EXERCISE REQUIREMENTS:
Only one portion of the data is to be written out: from the line bearing "(* Let $r\ge" through the line bearing "(* Ternary forms". Write it exactly as it appears.

DATA EXTRACT:
────────────────────────────────────────
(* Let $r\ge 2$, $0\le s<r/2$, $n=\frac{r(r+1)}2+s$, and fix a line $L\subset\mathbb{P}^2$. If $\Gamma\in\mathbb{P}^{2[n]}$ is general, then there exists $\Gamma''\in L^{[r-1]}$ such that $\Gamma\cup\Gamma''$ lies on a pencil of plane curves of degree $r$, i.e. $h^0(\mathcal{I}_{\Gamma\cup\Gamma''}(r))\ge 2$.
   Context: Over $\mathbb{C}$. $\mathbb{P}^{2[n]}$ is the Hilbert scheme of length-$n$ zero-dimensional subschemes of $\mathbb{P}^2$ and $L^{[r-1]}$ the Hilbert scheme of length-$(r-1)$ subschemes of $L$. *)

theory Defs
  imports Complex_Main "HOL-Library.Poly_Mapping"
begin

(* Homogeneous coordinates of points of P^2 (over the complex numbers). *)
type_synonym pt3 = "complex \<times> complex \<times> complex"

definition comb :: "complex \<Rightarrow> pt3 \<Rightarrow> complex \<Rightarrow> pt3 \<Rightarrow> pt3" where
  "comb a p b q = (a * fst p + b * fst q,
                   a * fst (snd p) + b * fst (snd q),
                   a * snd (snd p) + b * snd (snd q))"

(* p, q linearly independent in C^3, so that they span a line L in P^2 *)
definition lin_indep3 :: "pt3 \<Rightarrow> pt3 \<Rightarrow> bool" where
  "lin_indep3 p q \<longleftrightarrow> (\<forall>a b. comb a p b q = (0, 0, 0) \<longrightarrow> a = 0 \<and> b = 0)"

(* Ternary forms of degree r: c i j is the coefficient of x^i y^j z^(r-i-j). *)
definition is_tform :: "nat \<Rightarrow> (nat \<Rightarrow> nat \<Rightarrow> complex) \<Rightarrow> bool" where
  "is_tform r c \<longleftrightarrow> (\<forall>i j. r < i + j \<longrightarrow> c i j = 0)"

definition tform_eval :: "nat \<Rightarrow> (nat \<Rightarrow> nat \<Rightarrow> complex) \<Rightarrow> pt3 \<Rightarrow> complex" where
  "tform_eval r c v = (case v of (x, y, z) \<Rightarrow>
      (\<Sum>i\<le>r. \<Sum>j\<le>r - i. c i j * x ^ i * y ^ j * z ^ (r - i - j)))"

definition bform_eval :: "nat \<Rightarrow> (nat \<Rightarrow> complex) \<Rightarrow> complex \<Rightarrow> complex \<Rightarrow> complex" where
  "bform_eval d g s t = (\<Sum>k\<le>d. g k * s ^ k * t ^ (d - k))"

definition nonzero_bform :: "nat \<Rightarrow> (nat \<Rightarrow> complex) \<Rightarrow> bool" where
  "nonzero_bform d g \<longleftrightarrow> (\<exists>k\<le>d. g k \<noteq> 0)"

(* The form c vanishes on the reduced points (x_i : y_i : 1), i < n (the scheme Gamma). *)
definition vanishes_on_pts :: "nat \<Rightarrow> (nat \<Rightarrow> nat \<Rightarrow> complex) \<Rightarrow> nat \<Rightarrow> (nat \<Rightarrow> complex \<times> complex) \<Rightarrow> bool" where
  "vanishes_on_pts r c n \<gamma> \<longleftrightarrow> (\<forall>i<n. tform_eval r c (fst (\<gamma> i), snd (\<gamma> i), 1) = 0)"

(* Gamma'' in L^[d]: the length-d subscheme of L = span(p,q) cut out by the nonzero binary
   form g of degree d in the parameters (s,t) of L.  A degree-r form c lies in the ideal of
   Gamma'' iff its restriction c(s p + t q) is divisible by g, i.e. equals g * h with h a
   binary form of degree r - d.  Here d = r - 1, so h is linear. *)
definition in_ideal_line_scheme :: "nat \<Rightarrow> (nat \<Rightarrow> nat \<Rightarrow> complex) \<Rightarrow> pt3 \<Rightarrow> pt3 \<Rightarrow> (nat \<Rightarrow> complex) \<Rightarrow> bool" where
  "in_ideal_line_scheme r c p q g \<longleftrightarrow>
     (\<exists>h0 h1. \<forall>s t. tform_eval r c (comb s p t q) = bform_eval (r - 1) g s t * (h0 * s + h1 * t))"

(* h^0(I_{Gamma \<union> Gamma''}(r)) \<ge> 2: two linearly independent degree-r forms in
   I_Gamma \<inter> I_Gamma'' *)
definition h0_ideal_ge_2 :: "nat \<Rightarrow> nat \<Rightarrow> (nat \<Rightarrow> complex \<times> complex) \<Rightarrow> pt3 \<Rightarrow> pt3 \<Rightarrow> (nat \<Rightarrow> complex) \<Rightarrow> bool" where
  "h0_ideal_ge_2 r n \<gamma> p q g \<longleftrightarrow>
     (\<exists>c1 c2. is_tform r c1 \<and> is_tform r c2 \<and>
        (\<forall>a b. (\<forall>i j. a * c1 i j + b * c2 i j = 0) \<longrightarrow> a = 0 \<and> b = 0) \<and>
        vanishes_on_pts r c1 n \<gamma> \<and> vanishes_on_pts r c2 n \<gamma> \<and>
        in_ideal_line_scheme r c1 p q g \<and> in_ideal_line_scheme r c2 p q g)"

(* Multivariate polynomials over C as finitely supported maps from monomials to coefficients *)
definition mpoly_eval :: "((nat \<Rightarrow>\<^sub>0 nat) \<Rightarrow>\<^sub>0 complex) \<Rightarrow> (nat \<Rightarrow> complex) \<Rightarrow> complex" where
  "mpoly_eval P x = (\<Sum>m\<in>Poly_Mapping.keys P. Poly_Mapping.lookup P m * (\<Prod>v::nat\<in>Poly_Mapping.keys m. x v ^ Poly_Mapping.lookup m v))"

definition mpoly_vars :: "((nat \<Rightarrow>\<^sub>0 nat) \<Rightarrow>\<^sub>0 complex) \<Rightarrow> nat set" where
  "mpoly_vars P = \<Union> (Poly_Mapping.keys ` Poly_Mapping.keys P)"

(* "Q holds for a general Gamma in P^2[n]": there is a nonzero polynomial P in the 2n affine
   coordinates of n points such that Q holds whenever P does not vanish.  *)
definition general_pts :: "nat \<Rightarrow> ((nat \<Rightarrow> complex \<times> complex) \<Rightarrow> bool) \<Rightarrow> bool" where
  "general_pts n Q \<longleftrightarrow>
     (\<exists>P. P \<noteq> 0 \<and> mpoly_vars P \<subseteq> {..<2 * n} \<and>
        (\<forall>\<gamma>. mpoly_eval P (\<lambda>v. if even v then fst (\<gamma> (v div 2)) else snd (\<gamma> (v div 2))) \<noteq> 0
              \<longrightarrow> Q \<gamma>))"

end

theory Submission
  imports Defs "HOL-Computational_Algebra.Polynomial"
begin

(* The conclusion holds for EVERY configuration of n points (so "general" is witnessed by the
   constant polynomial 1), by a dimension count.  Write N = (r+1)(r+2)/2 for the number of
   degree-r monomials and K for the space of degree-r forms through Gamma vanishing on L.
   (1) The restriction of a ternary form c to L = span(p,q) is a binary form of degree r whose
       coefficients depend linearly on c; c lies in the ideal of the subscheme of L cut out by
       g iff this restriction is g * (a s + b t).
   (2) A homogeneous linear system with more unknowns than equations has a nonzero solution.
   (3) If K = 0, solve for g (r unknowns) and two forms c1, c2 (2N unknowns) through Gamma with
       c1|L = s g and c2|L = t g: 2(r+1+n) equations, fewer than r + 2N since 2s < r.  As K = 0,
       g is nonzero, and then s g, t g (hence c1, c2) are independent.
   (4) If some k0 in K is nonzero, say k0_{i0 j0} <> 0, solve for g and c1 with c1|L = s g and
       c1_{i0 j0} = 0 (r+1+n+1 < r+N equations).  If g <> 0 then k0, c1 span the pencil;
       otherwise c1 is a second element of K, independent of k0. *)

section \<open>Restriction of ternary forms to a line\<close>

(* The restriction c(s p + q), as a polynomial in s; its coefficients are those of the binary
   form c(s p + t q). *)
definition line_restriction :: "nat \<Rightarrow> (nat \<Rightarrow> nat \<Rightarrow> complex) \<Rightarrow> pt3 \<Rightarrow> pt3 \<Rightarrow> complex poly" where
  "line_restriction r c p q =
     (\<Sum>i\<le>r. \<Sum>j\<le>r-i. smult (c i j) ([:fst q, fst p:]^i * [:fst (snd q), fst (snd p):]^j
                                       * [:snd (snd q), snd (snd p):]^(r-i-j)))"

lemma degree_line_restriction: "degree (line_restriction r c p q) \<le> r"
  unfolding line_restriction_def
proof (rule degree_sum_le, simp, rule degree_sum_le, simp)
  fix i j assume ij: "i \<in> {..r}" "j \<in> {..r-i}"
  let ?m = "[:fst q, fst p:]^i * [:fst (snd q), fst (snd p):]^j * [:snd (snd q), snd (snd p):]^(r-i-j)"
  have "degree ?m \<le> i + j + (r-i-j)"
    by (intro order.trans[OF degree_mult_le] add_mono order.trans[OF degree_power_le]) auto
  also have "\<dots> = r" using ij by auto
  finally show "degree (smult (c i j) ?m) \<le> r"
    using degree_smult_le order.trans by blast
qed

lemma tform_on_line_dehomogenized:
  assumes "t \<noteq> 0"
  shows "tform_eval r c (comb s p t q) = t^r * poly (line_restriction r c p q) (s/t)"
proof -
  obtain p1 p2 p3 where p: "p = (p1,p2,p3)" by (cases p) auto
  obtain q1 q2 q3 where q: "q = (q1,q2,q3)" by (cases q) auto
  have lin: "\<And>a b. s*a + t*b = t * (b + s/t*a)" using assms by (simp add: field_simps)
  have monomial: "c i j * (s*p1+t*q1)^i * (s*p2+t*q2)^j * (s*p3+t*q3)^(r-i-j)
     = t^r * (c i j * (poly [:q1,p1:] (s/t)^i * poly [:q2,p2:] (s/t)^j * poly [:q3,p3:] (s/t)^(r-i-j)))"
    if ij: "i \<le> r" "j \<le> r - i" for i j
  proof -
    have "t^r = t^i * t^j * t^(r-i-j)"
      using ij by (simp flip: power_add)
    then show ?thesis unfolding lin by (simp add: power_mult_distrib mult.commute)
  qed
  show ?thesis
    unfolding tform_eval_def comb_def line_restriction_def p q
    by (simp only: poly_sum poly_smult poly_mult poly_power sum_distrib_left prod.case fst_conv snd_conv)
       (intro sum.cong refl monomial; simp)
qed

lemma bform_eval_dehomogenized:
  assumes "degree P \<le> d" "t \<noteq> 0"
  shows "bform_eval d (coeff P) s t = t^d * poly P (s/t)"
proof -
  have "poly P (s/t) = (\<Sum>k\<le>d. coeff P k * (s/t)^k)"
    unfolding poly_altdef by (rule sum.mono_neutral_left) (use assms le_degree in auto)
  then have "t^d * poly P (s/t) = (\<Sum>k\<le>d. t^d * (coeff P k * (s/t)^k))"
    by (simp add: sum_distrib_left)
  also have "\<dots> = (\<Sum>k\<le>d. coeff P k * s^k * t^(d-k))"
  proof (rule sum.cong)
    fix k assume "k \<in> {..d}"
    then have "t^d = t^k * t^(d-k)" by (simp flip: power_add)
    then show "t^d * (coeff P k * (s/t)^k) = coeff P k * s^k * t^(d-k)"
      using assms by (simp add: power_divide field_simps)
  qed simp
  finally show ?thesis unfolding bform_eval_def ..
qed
────────────────────────────────────────
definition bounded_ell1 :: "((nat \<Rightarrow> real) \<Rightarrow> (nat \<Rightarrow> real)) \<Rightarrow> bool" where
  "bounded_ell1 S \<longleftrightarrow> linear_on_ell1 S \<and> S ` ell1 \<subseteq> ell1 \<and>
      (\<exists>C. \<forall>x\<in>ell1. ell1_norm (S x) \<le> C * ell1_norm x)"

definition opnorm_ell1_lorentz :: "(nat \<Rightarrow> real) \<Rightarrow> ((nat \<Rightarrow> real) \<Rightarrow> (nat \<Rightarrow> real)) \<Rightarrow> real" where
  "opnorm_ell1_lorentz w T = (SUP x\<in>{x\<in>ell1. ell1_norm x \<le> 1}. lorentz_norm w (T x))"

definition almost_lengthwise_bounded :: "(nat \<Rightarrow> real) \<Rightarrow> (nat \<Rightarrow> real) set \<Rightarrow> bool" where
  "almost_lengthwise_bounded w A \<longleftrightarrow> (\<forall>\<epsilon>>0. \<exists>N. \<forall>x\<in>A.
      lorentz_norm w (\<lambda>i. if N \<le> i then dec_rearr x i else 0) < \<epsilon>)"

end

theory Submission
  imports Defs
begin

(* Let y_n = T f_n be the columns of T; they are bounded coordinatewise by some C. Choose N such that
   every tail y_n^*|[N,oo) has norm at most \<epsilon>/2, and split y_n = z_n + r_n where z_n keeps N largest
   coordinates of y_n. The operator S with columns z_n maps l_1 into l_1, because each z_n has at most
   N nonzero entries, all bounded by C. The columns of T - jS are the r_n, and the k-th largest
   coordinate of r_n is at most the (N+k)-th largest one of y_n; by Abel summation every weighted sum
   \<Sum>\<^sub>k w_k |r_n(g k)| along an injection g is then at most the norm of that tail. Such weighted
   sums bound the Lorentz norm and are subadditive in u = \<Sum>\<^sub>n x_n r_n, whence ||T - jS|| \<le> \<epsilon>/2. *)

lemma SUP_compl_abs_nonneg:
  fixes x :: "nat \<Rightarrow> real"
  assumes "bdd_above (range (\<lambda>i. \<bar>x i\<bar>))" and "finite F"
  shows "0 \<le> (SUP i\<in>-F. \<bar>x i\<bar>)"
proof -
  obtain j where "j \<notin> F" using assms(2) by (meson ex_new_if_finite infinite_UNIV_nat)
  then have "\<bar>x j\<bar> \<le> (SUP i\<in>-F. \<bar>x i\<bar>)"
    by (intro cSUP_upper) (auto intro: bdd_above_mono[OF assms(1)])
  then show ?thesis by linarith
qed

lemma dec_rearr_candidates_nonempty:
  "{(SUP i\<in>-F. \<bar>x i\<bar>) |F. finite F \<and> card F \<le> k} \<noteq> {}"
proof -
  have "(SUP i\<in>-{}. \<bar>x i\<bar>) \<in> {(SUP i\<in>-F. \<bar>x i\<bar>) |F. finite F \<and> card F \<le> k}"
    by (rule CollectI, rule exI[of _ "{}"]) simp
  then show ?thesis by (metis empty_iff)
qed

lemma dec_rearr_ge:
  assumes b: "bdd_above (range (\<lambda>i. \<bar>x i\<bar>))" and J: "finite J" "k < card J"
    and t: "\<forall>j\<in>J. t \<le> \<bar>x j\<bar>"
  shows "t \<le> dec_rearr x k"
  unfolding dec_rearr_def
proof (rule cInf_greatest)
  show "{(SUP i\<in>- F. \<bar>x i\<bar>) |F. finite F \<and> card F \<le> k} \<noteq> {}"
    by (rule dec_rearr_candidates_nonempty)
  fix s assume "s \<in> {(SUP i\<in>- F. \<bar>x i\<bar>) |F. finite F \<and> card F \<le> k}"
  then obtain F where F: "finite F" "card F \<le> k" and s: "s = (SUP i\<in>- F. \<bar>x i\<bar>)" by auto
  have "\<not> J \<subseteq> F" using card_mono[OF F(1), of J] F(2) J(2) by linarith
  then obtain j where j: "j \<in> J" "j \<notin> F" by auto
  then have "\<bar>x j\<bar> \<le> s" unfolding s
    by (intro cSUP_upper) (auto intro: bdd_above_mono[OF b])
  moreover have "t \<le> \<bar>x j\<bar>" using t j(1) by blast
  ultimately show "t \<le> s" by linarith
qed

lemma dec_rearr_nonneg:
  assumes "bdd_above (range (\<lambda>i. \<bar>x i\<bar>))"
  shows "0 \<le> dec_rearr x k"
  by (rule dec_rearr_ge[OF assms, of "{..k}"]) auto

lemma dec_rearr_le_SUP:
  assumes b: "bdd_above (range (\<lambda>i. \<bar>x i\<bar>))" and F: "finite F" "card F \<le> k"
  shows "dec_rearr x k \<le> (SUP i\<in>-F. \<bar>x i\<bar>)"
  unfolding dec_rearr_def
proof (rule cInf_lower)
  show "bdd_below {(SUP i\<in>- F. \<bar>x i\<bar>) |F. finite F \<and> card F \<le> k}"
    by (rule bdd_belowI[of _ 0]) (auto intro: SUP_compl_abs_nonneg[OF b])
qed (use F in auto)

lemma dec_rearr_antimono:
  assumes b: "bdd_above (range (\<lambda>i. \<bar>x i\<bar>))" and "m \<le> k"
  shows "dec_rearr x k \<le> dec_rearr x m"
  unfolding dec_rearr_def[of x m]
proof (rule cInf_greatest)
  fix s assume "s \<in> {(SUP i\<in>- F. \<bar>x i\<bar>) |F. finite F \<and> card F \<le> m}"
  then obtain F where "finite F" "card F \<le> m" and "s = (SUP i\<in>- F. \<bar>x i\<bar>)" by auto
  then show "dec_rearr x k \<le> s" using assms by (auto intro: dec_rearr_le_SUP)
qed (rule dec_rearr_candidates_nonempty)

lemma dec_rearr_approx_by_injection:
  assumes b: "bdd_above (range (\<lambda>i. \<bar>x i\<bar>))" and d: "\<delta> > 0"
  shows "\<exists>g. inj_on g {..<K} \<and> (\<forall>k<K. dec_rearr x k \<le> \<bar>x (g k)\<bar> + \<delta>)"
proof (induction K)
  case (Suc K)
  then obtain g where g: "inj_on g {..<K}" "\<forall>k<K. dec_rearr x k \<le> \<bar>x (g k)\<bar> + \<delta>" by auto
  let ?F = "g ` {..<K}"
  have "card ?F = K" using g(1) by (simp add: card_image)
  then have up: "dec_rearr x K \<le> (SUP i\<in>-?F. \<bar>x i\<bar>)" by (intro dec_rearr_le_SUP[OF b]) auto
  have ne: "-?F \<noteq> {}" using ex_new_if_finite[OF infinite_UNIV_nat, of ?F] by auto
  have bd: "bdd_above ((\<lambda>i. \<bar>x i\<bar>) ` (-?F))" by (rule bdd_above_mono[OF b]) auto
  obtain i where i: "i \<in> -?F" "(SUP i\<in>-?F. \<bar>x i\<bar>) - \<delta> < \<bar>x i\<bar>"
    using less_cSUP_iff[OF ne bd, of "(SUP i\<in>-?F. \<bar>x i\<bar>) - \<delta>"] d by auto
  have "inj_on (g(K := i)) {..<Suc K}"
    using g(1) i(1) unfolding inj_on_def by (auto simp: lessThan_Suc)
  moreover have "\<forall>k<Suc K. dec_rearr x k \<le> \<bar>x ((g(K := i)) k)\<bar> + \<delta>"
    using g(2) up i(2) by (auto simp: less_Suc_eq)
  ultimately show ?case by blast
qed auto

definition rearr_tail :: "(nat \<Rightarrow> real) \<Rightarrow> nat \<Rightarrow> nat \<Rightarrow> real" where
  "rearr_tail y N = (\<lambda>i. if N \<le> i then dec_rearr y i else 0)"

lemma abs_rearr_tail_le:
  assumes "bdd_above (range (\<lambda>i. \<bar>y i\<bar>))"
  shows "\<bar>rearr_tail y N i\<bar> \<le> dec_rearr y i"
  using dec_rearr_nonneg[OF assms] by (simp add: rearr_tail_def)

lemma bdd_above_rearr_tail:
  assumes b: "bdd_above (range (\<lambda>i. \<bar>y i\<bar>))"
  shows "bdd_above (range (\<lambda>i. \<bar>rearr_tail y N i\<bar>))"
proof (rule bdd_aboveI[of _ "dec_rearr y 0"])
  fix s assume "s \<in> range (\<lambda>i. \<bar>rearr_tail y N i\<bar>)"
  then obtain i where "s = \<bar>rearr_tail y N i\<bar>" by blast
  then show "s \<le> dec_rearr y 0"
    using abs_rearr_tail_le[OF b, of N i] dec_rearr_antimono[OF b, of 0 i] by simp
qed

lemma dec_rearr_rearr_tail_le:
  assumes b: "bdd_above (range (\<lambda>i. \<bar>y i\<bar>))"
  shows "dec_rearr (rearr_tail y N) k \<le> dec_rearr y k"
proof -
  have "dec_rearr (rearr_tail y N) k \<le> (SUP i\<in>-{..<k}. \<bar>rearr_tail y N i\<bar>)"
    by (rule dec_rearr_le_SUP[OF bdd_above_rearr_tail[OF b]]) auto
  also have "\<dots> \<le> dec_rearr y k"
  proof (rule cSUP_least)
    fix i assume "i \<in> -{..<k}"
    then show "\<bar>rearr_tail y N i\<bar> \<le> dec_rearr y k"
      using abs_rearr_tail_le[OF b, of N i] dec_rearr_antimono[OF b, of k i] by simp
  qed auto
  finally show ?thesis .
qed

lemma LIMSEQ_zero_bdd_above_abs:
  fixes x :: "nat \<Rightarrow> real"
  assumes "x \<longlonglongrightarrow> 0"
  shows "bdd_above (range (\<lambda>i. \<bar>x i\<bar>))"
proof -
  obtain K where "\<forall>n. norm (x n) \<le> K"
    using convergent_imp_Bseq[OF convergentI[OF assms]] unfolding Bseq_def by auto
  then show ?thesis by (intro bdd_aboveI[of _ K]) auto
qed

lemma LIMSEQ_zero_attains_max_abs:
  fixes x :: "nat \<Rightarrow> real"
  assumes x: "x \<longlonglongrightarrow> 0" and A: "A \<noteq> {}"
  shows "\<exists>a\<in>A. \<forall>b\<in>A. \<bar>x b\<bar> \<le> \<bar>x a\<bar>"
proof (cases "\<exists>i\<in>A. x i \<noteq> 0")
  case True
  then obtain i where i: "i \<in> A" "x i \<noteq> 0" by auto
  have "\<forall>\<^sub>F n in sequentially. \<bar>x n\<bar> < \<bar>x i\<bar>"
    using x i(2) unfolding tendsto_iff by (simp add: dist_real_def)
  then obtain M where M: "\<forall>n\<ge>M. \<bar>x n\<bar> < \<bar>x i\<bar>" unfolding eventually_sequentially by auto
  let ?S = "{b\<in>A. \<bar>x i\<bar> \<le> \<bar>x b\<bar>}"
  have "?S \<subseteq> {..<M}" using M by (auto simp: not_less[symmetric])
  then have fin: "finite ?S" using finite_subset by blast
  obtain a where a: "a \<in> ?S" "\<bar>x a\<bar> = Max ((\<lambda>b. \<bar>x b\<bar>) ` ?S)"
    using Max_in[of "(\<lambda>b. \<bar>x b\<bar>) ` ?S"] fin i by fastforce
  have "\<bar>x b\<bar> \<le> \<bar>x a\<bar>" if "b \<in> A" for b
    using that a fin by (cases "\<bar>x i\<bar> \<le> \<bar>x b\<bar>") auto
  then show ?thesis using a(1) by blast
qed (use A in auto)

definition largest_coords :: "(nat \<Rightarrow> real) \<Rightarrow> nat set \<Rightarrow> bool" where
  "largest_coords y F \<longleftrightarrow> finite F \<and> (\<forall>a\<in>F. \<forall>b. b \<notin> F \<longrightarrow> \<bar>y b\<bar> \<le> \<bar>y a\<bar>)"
────────────────────────────────────────
EXPECTED OUTPUT:
(* Let $r\ge 2$, $0\le s<r/2$, $n=\frac{r(r+1)}2+s$, and fix a line $L\subset\mathbb{P}^2$. If $\Gamma\in\mathbb{P}^{2[n]}$ is general, then there exists $\Gamma''\in L^{[r-1]}$ such that $\Gamma\cup\Gamma''$ lies on a pencil of plane curves of degree $r$, i.e. $h^0(\mathcal{I}_{\Gamma\cup\Gamma''}(r))\ge 2$.
   Context: Over $\mathbb{C}$. $\mathbb{P}^{2[n]}$ is the Hilbert scheme of length-$n$ zero-dimensional subschemes of $\mathbb{P}^2$ and $L^{[r-1]}$ the Hilbert scheme of length-$(r-1)$ subschemes of $L$. *)

theory Defs
  imports Complex_Main "HOL-Library.Poly_Mapping"
begin

(* Homogeneous coordinates of points of P^2 (over the complex numbers). *)
type_synonym pt3 = "complex \<times> complex \<times> complex"

definition comb :: "complex \<Rightarrow> pt3 \<Rightarrow> complex \<Rightarrow> pt3 \<Rightarrow> pt3" where
  "comb a p b q = (a * fst p + b * fst q,
                   a * fst (snd p) + b * fst (snd q),
                   a * snd (snd p) + b * snd (snd q))"

(* p, q linearly independent in C^3, so that they span a line L in P^2 *)
definition lin_indep3 :: "pt3 \<Rightarrow> pt3 \<Rightarrow> bool" where
  "lin_indep3 p q \<longleftrightarrow> (\<forall>a b. comb a p b q = (0, 0, 0) \<longrightarrow> a = 0 \<and> b = 0)"

(* Ternary forms of degree r: c i j is the coefficient of x^i y^j z^(r-i-j). *)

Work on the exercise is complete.